→ PROBLEM TO SOLVE: An exact reproduction of all the entries below is required.

(Excerpts from a dataset)
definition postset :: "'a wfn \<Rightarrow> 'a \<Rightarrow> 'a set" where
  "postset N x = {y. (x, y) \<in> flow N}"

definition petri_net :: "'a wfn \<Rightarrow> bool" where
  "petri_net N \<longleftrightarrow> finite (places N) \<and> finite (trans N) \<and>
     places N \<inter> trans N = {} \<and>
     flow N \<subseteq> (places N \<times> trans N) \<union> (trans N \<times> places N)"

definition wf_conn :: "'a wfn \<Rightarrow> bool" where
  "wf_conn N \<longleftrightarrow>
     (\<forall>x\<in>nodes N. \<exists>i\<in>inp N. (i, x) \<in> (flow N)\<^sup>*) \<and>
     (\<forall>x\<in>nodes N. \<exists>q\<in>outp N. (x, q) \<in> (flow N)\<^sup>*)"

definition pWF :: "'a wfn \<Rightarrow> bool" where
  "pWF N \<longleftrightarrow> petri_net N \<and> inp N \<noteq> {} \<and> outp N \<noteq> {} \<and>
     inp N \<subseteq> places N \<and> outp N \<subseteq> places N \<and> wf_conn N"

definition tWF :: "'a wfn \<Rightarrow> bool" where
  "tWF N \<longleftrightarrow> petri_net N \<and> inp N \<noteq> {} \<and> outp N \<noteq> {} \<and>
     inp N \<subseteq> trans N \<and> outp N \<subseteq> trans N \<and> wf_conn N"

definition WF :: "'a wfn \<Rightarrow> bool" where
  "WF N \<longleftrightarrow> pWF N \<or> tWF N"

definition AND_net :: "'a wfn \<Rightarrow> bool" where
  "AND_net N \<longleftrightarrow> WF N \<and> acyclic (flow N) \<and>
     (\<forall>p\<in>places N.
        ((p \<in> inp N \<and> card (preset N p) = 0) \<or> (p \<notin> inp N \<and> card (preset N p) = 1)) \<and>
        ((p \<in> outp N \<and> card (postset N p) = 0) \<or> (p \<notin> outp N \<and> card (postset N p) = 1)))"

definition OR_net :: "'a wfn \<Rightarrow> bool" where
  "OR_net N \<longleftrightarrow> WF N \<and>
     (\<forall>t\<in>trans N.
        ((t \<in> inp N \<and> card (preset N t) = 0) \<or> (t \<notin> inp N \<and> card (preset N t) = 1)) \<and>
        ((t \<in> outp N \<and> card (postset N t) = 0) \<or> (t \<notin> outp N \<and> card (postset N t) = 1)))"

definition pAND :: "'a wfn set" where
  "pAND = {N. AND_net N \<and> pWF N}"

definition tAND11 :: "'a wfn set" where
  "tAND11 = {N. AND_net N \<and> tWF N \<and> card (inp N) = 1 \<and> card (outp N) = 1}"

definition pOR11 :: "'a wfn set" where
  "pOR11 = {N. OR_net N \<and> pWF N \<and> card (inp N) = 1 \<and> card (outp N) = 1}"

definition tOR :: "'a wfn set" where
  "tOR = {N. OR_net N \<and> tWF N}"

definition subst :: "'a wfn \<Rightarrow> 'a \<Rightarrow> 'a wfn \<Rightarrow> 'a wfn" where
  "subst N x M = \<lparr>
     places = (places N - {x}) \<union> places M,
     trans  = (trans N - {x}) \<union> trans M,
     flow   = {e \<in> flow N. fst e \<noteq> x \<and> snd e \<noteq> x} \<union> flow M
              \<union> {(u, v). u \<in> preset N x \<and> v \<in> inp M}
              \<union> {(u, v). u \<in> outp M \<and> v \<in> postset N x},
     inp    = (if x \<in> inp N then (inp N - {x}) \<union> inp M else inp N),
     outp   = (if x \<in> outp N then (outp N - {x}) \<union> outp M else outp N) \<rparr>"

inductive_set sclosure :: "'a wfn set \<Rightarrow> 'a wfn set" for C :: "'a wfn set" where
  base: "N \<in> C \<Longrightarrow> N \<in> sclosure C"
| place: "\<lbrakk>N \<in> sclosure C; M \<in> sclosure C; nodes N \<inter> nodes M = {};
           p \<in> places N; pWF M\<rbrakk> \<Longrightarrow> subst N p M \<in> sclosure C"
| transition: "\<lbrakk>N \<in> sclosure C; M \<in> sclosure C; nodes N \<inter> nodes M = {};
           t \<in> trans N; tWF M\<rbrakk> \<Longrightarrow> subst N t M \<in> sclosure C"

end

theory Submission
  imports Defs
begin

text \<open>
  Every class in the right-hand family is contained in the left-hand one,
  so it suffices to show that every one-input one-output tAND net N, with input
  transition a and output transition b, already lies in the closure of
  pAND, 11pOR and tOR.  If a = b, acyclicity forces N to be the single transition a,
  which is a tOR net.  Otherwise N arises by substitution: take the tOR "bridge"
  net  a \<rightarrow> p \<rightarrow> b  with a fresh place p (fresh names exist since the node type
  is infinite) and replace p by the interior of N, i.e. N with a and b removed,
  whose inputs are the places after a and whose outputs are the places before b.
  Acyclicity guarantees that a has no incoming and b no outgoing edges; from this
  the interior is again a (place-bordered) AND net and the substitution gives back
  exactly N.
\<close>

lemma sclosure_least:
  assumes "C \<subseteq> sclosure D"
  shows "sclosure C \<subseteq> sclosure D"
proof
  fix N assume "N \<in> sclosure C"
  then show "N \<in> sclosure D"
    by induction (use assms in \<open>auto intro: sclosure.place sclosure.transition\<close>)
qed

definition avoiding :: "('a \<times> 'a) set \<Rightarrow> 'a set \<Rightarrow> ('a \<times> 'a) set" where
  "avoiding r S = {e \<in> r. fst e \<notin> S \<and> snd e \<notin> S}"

→ WRITTEN REPLY:
definition postset :: "'a wfn \<Rightarrow> 'a \<Rightarrow> 'a set" where
  "postset N x = {y. (x, y) \<in> flow N}"

definition petri_net :: "'a wfn \<Rightarrow> bool" where
  "petri_net N \<longleftrightarrow> finite (places N) \<and> finite (trans N) \<and>
     places N \<inter> trans N = {} \<and>
     flow N \<subseteq> (places N \<times> trans N) \<union> (trans N \<times> places N)"

definition wf_conn :: "'a wfn \<Rightarrow> bool" where
  "wf_conn N \<longleftrightarrow>
     (\<forall>x\<in>nodes N. \<exists>i\<in>inp N. (i, x) \<in> (flow N)\<^sup>*) \<and>
     (\<forall>x\<in>nodes N. \<exists>q\<in>outp N. (x, q) \<in> (flow N)\<^sup>*)"

definition pWF :: "'a wfn \<Rightarrow> bool" where
  "pWF N \<longleftrightarrow> petri_net N \<and> inp N \<noteq> {} \<and> outp N \<noteq> {} \<and>
     inp N \<subseteq> places N \<and> outp N \<subseteq> places N \<and> wf_conn N"

definition tWF :: "'a wfn \<Rightarrow> bool" where
  "tWF N \<longleftrightarrow> petri_net N \<and> inp N \<noteq> {} \<and> outp N \<noteq> {} \<and>
     inp N \<subseteq> trans N \<and> outp N \<subseteq> trans N \<and> wf_conn N"

definition WF :: "'a wfn \<Rightarrow> bool" where
  "WF N \<longleftrightarrow> pWF N \<or> tWF N"

definition AND_net :: "'a wfn \<Rightarrow> bool" where
  "AND_net N \<longleftrightarrow> WF N \<and> acyclic (flow N) \<and>
     (\<forall>p\<in>places N.
        ((p \<in> inp N \<and> card (preset N p) = 0) \<or> (p \<notin> inp N \<and> card (preset N p) = 1)) \<and>
        ((p \<in> outp N \<and> card (postset N p) = 0) \<or> (p \<notin> outp N \<and> card (postset N p) = 1)))"

definition OR_net :: "'a wfn \<Rightarrow> bool" where
  "OR_net N \<longleftrightarrow> WF N \<and>
     (\<forall>t\<in>trans N.
        ((t \<in> inp N \<and> card (preset N t) = 0) \<or> (t \<notin> inp N \<and> card (preset N t) = 1)) \<and>
        ((t \<in> outp N \<and> card (postset N t) = 0) \<or> (t \<notin> outp N \<and> card (postset N t) = 1)))"

definition pAND :: "'a wfn set" where
  "pAND = {N. AND_net N \<and> pWF N}"

definition tAND11 :: "'a wfn set" where
  "tAND11 = {N. AND_net N \<and> tWF N \<and> card (inp N) = 1 \<and> card (outp N) = 1}"

definition pOR11 :: "'a wfn set" where
  "pOR11 = {N. OR_net N \<and> pWF N \<and> card (inp N) = 1 \<and> card (outp N) = 1}"

definition tOR :: "'a wfn set" where
  "tOR = {N. OR_net N \<and> tWF N}"

definition subst :: "'a wfn \<Rightarrow> 'a \<Rightarrow> 'a wfn \<Rightarrow> 'a wfn" where
  "subst N x M = \<lparr>
     places = (places N - {x}) \<union> places M,
     trans  = (trans N - {x}) \<union> trans M,
     flow   = {e \<in> flow N. fst e \<noteq> x \<and> snd e \<noteq> x} \<union> flow M
              \<union> {(u, v). u \<in> preset N x \<and> v \<in> inp M}
              \<union> {(u, v). u \<in> outp M \<and> v \<in> postset N x},
     inp    = (if x \<in> inp N then (inp N - {x}) \<union> inp M else inp N),
     outp   = (if x \<in> outp N then (outp N - {x}) \<union> outp M else outp N) \<rparr>"

inductive_set sclosure :: "'a wfn set \<Rightarrow> 'a wfn set" for C :: "'a wfn set" where
  base: "N \<in> C \<Longrightarrow> N \<in> sclosure C"
| place: "\<lbrakk>N \<in> sclosure C; M \<in> sclosure C; nodes N \<inter> nodes M = {};
           p \<in> places N; pWF M\<rbrakk> \<Longrightarrow> subst N p M \<in> sclosure C"
| transition: "\<lbrakk>N \<in> sclosure C; M \<in> sclosure C; nodes N \<inter> nodes M = {};
           t \<in> trans N; tWF M\<rbrakk> \<Longrightarrow> subst N t M \<in> sclosure C"

end

theory Submission
  imports Defs
begin

text \<open>
  Every class in the right-hand family is contained in the left-hand one,
  so it suffices to show that every one-input one-output tAND net N, with input
  transition a and output transition b, already lies in the closure of
  pAND, 11pOR and tOR.  If a = b, acyclicity forces N to be the single transition a,
  which is a tOR net.  Otherwise N arises by substitution: take the tOR "bridge"
  net  a \<rightarrow> p \<rightarrow> b  with a fresh place p (fresh names exist since the node type
  is infinite) and replace p by the interior of N, i.e. N with a and b removed,
  whose inputs are the places after a and whose outputs are the places before b.
  Acyclicity guarantees that a has no incoming and b no outgoing edges; from this
  the interior is again a (place-bordered) AND net and the substitution gives back
  exactly N.
\<close>

lemma sclosure_least:
  assumes "C \<subseteq> sclosure D"
  shows "sclosure C \<subseteq> sclosure D"
proof
  fix N assume "N \<in> sclosure C"
  then show "N \<in> sclosure D"
    by induction (use assms in \<open>auto intro: sclosure.place sclosure.transition\<close>)
qed

definition avoiding :: "('a \<times> 'a) set \<Rightarrow> 'a set \<Rightarrow> ('a \<times> 'a) set" where
  "avoiding r S = {e \<in> r. fst e \<notin> S \<and> snd e \<notin> S}"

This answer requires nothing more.